Start of MATERIAL FOR THIS EXERCISE

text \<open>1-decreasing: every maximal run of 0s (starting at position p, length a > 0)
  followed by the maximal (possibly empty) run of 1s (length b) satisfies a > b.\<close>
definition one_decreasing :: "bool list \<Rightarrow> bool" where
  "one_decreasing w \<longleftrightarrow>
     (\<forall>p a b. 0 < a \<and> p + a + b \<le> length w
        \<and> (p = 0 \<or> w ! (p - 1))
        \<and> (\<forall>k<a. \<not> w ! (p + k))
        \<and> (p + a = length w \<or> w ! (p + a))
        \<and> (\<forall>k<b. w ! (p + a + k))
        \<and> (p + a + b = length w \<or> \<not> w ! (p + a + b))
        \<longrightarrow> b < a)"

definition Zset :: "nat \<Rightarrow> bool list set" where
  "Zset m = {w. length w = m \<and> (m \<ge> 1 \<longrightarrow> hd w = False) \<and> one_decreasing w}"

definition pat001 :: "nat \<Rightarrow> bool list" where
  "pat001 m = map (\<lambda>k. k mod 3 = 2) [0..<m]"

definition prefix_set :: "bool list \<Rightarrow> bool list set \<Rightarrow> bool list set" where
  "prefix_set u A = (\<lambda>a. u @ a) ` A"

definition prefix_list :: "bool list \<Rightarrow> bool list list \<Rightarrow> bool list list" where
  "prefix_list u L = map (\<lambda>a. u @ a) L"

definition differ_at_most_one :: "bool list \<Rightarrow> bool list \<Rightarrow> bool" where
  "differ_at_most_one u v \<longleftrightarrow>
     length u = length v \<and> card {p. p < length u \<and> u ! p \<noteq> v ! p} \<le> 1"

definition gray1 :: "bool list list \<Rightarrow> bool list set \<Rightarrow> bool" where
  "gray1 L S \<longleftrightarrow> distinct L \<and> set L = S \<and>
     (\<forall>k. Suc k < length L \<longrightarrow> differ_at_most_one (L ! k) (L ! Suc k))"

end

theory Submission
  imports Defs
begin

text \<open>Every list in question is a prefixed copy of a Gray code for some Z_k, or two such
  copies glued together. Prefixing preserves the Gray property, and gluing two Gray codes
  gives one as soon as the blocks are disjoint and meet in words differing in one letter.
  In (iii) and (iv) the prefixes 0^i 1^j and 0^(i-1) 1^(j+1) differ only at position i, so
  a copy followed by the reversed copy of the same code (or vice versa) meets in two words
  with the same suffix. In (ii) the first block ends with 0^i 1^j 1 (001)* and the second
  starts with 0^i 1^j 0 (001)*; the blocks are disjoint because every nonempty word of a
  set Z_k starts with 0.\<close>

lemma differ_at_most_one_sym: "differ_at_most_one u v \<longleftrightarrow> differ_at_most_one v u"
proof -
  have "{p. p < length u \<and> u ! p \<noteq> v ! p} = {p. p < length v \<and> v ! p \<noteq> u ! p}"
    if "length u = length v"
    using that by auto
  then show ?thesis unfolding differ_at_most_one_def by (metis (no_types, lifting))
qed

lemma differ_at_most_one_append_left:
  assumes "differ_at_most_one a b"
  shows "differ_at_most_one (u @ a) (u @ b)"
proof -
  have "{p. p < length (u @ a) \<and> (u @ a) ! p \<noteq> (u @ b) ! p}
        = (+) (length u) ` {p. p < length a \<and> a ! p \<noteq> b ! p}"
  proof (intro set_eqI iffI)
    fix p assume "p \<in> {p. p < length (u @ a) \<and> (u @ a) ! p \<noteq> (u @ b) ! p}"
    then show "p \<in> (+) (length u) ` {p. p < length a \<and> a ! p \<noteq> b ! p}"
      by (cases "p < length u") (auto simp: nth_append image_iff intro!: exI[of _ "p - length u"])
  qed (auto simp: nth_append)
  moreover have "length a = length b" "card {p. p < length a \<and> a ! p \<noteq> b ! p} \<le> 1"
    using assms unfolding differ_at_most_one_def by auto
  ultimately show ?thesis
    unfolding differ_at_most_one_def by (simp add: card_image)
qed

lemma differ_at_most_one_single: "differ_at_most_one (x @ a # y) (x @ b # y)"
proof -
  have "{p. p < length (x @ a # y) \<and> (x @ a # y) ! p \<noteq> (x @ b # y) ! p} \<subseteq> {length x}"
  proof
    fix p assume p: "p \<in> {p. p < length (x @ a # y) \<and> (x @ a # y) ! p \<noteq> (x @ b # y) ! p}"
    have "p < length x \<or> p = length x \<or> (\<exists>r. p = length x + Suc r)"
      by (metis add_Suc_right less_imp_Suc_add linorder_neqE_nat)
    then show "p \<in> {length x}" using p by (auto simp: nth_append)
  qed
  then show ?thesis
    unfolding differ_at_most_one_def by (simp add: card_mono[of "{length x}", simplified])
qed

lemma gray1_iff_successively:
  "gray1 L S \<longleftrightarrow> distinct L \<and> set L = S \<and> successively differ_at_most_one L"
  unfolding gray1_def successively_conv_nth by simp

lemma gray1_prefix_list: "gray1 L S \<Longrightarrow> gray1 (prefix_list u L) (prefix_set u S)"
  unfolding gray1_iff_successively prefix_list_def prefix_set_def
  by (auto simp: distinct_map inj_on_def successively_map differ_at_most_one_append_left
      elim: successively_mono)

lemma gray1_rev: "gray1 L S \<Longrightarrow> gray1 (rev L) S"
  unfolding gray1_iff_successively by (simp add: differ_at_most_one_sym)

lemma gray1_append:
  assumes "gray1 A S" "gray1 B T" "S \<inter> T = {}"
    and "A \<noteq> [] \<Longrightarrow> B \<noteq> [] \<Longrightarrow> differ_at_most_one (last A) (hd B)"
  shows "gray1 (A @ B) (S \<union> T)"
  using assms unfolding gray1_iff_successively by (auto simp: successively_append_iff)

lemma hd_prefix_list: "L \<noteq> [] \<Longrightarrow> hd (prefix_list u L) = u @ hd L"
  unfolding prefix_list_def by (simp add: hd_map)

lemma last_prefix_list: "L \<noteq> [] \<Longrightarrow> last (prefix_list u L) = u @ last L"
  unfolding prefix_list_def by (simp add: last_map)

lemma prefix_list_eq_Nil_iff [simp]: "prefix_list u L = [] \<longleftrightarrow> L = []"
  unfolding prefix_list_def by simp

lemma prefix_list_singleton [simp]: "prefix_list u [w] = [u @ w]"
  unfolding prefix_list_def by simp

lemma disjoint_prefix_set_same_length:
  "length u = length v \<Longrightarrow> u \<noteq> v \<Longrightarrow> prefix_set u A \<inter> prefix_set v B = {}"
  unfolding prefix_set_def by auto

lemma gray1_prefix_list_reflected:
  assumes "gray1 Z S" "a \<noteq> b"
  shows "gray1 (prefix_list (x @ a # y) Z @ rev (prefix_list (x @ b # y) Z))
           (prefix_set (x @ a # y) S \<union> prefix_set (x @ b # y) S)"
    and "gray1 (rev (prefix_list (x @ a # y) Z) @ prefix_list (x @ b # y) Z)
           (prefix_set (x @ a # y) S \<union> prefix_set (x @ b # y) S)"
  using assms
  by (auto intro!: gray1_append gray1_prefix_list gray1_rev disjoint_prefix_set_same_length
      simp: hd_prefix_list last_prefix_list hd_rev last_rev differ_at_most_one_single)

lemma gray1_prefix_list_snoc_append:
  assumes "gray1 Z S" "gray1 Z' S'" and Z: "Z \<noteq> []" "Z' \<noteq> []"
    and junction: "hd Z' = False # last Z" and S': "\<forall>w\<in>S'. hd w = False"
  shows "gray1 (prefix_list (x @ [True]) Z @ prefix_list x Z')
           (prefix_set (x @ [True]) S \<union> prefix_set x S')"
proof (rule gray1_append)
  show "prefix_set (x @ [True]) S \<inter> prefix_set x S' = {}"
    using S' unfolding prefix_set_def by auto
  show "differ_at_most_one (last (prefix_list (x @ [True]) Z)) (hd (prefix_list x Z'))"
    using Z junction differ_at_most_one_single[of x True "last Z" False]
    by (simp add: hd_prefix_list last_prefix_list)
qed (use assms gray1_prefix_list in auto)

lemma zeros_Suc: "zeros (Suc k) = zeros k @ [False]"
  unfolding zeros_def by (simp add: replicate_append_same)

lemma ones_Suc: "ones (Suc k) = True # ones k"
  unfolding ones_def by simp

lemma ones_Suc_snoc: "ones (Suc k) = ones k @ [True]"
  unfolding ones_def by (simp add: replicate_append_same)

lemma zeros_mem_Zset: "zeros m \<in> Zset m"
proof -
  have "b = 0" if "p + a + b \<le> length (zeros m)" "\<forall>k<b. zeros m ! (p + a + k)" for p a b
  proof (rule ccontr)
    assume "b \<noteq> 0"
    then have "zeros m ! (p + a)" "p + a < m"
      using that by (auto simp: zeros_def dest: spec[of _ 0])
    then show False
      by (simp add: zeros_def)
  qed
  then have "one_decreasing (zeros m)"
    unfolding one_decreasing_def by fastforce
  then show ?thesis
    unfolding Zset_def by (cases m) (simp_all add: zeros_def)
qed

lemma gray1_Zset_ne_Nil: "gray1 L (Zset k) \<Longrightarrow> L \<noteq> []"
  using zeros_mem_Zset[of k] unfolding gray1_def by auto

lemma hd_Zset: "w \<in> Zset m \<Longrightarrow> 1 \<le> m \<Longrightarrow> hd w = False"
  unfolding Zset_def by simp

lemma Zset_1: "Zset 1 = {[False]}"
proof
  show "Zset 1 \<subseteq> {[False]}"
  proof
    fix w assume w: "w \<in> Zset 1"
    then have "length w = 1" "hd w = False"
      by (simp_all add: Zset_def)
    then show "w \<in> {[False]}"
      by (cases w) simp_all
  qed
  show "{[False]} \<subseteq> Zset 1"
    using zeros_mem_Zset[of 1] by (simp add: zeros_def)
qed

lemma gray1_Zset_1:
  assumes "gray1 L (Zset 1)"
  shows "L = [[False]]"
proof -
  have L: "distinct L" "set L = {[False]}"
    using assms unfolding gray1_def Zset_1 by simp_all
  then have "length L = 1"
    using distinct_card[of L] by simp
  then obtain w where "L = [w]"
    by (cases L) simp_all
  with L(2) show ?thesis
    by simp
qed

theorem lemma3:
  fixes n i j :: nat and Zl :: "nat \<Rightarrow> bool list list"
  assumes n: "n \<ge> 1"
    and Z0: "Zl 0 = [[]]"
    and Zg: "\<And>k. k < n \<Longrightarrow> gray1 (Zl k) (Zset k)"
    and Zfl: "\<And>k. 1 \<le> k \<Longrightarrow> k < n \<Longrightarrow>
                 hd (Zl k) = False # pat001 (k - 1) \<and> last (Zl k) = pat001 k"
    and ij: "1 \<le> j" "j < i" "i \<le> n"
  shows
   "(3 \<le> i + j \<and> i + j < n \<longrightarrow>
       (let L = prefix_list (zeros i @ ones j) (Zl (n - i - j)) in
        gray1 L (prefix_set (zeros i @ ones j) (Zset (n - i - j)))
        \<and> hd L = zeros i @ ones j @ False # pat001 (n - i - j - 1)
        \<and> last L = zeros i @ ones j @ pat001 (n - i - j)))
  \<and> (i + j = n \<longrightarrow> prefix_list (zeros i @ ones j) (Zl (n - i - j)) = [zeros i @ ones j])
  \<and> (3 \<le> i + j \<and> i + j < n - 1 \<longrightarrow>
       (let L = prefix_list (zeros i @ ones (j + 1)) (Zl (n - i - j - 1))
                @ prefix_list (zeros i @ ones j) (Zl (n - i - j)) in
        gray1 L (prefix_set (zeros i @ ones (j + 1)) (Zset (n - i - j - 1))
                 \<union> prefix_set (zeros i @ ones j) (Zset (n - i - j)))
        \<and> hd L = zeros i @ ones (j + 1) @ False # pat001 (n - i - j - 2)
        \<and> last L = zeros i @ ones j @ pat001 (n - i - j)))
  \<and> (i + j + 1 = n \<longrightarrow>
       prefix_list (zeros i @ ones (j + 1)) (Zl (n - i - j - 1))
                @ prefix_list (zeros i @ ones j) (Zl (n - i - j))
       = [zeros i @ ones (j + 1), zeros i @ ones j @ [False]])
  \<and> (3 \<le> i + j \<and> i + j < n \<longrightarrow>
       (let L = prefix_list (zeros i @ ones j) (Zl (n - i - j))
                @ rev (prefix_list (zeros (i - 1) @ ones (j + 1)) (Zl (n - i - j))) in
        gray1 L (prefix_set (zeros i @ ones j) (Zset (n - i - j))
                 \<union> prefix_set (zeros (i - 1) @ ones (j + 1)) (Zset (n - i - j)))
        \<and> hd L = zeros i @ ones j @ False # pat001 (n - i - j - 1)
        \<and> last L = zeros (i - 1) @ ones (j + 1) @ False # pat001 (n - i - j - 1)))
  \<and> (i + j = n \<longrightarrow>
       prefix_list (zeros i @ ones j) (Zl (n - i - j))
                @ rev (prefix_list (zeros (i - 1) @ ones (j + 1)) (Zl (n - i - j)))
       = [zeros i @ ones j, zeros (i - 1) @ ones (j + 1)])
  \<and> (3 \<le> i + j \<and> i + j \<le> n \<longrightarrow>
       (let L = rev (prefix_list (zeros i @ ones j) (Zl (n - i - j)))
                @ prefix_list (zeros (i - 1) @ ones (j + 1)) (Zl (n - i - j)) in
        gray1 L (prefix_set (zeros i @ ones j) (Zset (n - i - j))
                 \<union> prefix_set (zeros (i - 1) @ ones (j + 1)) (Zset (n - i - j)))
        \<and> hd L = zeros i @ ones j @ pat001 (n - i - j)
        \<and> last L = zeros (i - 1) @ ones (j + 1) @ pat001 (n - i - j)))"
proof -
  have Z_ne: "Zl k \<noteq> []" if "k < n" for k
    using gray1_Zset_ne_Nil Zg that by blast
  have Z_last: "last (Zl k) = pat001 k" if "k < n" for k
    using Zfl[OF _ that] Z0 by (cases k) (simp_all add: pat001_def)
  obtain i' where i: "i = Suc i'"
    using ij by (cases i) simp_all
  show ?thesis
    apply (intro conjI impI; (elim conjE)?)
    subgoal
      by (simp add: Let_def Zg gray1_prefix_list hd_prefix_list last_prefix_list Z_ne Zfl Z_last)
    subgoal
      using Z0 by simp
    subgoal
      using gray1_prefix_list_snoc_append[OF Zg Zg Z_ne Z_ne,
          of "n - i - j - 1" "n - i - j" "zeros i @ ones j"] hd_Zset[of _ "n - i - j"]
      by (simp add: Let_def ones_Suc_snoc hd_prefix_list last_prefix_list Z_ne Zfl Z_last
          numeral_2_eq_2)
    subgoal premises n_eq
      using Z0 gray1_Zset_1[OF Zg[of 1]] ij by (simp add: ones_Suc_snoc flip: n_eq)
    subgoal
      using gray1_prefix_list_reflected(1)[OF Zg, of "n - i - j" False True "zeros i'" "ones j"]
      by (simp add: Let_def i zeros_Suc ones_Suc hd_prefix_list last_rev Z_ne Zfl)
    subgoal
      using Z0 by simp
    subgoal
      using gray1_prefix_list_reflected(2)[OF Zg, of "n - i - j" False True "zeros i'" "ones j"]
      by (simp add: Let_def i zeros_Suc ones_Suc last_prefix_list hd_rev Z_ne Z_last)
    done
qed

End of MATERIAL FOR THIS EXERCISE

REQUIREMENT ▸ All lines from the beginning of the entries through the line marked "list \<Rightarrow> bool list \<Rightarrow>" are to be output exactly; nothing else belongs in the answer.

TASK RESULT ▸
text \<open>1-decreasing: every maximal run of 0s (starting at position p, length a > 0)
  followed by the maximal (possibly empty) run of 1s (length b) satisfies a > b.\<close>
definition one_decreasing :: "bool list \<Rightarrow> bool" where
  "one_decreasing w \<longleftrightarrow>
     (\<forall>p a b. 0 < a \<and> p + a + b \<le> length w
        \<and> (p = 0 \<or> w ! (p - 1))
        \<and> (\<forall>k<a. \<not> w ! (p + k))
        \<and> (p + a = length w \<or> w ! (p + a))
        \<and> (\<forall>k<b. w ! (p + a + k))
        \<and> (p + a + b = length w \<or> \<not> w ! (p + a + b))
        \<longrightarrow> b < a)"

definition Zset :: "nat \<Rightarrow> bool list set" where
  "Zset m = {w. length w = m \<and> (m \<ge> 1 \<longrightarrow> hd w = False) \<and> one_decreasing w}"

definition pat001 :: "nat \<Rightarrow> bool list" where
  "pat001 m = map (\<lambda>k. k mod 3 = 2) [0..<m]"

definition prefix_set :: "bool list \<Rightarrow> bool list set \<Rightarrow> bool list set" where
  "prefix_set u A = (\<lambda>a. u @ a) ` A"

definition prefix_list :: "bool list \<Rightarrow> bool list list \<Rightarrow> bool list list" where
  "prefix_list u L = map (\<lambda>a. u @ a) L"

definition differ_at_most_one :: "bool list \<Rightarrow> bool list \<Rightarrow> bool" where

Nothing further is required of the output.